DATA -
——————————
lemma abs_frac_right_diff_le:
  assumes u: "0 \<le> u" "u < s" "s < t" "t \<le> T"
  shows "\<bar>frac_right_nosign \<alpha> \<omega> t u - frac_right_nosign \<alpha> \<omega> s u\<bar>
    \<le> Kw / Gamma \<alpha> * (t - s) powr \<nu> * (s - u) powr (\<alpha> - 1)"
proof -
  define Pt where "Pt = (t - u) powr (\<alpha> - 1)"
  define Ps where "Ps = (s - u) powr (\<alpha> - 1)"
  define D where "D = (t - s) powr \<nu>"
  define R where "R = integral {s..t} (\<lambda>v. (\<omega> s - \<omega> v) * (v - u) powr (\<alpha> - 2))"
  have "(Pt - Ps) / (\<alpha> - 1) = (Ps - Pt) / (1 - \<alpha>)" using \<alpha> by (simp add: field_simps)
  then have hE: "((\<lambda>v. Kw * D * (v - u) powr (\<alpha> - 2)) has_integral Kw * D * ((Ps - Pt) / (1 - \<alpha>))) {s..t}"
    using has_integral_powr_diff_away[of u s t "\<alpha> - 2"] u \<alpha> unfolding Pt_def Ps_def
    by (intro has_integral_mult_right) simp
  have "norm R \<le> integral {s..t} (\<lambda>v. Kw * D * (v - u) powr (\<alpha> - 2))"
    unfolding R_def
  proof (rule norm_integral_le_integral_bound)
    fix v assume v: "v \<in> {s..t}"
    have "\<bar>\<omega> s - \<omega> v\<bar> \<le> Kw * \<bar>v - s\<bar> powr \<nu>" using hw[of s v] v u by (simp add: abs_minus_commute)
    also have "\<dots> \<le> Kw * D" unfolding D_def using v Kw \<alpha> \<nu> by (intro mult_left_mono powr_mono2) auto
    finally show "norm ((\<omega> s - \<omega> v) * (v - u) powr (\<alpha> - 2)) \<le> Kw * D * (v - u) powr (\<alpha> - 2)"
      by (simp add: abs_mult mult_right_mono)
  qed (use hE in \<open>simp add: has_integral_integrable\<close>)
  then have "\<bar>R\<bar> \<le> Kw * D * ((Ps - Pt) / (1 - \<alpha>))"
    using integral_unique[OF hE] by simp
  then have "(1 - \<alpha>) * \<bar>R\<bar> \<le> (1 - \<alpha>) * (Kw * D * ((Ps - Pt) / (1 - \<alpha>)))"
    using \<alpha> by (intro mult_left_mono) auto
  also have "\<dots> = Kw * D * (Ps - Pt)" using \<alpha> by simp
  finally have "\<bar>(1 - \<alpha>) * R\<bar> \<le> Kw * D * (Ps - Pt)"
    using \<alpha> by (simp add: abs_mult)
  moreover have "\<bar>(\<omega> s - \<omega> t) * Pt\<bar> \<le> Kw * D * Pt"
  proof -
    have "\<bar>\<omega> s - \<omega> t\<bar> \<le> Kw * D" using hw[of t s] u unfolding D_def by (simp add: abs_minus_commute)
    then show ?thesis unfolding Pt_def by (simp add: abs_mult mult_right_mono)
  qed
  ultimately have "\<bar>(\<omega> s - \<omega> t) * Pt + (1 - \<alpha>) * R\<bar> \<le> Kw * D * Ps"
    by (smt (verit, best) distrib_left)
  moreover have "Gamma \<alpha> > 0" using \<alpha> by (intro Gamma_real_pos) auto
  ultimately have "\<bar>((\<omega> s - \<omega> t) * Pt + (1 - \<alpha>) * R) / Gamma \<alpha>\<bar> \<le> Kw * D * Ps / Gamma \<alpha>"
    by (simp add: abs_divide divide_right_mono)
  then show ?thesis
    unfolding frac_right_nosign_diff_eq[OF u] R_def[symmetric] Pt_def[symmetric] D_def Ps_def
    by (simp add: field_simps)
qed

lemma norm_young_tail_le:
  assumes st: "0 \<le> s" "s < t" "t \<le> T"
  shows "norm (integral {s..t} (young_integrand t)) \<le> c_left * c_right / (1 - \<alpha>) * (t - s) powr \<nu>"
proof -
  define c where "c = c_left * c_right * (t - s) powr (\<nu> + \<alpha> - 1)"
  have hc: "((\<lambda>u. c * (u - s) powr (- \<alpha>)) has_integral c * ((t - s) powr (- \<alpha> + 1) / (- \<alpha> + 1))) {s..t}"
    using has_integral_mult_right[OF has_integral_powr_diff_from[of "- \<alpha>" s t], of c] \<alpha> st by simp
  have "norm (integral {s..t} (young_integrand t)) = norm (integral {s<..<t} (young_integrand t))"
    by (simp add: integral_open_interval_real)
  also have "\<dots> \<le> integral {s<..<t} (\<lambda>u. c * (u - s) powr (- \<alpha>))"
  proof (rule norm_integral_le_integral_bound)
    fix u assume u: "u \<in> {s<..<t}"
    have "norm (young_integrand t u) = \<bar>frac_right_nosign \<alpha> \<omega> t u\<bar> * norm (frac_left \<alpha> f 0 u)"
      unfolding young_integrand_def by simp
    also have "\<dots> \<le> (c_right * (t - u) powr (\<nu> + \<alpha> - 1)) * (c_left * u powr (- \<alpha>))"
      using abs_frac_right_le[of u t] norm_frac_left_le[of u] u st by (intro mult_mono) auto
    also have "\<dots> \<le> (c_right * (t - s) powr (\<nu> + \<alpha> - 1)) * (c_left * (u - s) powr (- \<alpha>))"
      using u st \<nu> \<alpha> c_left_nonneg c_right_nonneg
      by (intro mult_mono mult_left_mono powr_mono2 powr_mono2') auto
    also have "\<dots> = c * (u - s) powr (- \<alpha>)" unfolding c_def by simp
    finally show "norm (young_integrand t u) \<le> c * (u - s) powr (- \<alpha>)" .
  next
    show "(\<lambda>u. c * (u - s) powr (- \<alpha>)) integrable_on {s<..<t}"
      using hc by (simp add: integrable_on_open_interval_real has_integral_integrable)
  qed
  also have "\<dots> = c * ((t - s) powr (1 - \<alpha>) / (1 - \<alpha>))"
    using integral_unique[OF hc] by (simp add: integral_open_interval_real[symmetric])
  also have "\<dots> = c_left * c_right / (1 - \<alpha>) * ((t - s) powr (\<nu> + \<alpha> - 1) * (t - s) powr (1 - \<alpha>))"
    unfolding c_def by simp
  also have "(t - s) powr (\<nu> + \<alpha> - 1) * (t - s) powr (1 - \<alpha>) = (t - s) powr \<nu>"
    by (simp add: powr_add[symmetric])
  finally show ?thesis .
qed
——————————
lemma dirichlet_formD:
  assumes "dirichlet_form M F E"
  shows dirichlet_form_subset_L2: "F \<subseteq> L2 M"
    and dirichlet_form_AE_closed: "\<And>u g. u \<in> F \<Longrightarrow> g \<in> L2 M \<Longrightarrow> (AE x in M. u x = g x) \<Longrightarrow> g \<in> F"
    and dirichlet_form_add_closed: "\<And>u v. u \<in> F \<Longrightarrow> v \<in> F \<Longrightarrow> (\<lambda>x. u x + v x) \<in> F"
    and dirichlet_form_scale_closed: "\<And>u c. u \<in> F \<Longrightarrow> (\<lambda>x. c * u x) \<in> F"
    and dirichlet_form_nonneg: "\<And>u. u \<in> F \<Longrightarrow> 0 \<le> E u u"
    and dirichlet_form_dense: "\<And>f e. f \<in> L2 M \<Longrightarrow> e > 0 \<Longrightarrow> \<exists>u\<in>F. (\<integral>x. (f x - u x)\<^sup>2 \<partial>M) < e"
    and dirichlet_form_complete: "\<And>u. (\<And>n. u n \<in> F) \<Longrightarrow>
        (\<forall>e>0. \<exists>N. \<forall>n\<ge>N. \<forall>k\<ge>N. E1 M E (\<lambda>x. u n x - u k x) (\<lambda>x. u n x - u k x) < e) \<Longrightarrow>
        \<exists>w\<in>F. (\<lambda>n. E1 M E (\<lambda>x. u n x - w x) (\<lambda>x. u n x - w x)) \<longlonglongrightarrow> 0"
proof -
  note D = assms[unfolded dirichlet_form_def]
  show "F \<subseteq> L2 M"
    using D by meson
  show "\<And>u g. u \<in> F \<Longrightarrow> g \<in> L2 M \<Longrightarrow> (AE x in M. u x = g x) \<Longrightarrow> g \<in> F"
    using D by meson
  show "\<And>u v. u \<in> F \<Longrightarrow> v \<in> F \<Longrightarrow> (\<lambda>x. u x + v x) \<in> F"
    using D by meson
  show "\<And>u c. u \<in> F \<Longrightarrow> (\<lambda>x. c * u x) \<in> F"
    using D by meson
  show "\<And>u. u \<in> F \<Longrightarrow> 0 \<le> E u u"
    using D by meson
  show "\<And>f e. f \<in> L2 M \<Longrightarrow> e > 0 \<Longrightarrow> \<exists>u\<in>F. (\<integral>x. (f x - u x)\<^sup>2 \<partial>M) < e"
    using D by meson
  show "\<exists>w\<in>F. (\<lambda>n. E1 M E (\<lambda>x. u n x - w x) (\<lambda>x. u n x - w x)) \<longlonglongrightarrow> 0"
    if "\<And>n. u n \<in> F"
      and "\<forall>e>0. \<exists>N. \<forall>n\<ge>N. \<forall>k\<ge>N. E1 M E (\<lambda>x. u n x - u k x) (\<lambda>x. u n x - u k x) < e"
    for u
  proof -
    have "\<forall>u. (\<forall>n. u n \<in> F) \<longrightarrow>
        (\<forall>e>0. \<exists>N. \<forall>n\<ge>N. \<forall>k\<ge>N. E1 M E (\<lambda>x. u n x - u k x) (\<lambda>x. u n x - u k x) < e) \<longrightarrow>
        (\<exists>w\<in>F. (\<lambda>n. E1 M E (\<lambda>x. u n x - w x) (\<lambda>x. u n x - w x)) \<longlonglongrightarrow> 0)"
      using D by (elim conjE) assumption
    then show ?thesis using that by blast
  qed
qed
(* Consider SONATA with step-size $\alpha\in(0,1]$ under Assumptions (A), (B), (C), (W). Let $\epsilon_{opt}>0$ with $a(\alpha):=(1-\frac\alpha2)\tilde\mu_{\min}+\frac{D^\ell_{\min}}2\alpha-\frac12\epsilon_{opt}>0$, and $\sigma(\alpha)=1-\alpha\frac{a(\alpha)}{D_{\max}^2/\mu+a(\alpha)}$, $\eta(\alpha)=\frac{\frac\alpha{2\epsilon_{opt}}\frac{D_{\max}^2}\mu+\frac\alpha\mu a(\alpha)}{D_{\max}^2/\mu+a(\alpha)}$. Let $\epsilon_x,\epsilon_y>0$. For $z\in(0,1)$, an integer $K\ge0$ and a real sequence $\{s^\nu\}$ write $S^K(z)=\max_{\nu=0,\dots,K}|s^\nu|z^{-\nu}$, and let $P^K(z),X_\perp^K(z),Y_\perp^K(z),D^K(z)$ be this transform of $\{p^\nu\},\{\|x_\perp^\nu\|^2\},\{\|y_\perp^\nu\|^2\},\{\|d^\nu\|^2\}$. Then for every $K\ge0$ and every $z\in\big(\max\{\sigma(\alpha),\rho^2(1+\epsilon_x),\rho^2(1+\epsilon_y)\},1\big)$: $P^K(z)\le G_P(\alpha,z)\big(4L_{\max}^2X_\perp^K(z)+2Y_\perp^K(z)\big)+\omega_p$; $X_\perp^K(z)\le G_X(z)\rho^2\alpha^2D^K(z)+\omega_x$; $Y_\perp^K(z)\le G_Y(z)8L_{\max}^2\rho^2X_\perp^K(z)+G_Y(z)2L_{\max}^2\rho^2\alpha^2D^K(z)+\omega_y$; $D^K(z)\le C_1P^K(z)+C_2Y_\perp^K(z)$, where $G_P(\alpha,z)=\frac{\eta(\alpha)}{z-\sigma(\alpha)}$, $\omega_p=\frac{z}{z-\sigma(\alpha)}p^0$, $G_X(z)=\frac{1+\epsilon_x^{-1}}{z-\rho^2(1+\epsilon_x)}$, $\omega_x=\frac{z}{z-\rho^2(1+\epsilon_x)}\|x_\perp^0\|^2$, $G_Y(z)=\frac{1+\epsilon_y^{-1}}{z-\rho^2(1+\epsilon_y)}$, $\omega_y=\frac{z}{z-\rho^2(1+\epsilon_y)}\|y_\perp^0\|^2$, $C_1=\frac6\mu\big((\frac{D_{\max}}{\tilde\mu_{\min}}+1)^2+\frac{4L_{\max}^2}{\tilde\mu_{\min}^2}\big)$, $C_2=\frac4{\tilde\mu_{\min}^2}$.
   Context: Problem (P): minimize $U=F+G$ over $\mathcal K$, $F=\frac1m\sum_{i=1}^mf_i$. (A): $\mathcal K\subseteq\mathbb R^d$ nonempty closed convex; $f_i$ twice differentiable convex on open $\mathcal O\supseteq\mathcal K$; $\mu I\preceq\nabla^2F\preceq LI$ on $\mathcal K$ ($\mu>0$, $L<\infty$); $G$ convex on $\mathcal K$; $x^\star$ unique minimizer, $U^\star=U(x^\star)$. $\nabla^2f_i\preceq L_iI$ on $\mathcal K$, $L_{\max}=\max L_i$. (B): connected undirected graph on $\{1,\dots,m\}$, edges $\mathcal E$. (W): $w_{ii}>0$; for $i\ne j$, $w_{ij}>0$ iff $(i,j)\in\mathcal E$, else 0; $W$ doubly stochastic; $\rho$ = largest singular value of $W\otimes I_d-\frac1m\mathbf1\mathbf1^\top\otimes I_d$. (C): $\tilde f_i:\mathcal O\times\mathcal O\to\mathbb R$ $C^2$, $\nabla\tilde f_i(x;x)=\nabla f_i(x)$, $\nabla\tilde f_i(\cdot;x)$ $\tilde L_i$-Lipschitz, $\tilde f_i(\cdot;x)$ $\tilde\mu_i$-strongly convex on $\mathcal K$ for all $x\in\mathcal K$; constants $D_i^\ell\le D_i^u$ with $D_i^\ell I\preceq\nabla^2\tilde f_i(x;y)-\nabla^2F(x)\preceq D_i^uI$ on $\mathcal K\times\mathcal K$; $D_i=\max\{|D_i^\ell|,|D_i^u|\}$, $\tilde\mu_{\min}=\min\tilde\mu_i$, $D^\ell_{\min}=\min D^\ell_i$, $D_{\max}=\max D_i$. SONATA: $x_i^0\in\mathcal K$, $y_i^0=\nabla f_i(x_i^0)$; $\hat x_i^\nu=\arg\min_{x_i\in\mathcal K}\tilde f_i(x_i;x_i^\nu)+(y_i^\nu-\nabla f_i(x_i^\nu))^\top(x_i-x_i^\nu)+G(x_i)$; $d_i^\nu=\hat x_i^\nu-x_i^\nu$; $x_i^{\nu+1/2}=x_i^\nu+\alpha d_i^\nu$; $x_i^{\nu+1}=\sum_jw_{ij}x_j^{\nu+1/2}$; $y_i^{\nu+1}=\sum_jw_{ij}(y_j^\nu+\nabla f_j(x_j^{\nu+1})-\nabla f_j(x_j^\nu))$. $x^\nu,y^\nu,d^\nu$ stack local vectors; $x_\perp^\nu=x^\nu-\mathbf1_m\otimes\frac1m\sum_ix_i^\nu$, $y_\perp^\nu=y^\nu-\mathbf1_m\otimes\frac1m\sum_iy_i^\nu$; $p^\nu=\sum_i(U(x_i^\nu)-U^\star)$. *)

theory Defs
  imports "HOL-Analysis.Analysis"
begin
——————————
WORK ORDER -
Tally the lines of the material above that include the string "ultimately", then give the number with no other text.

SOLVED EXERCISE -
2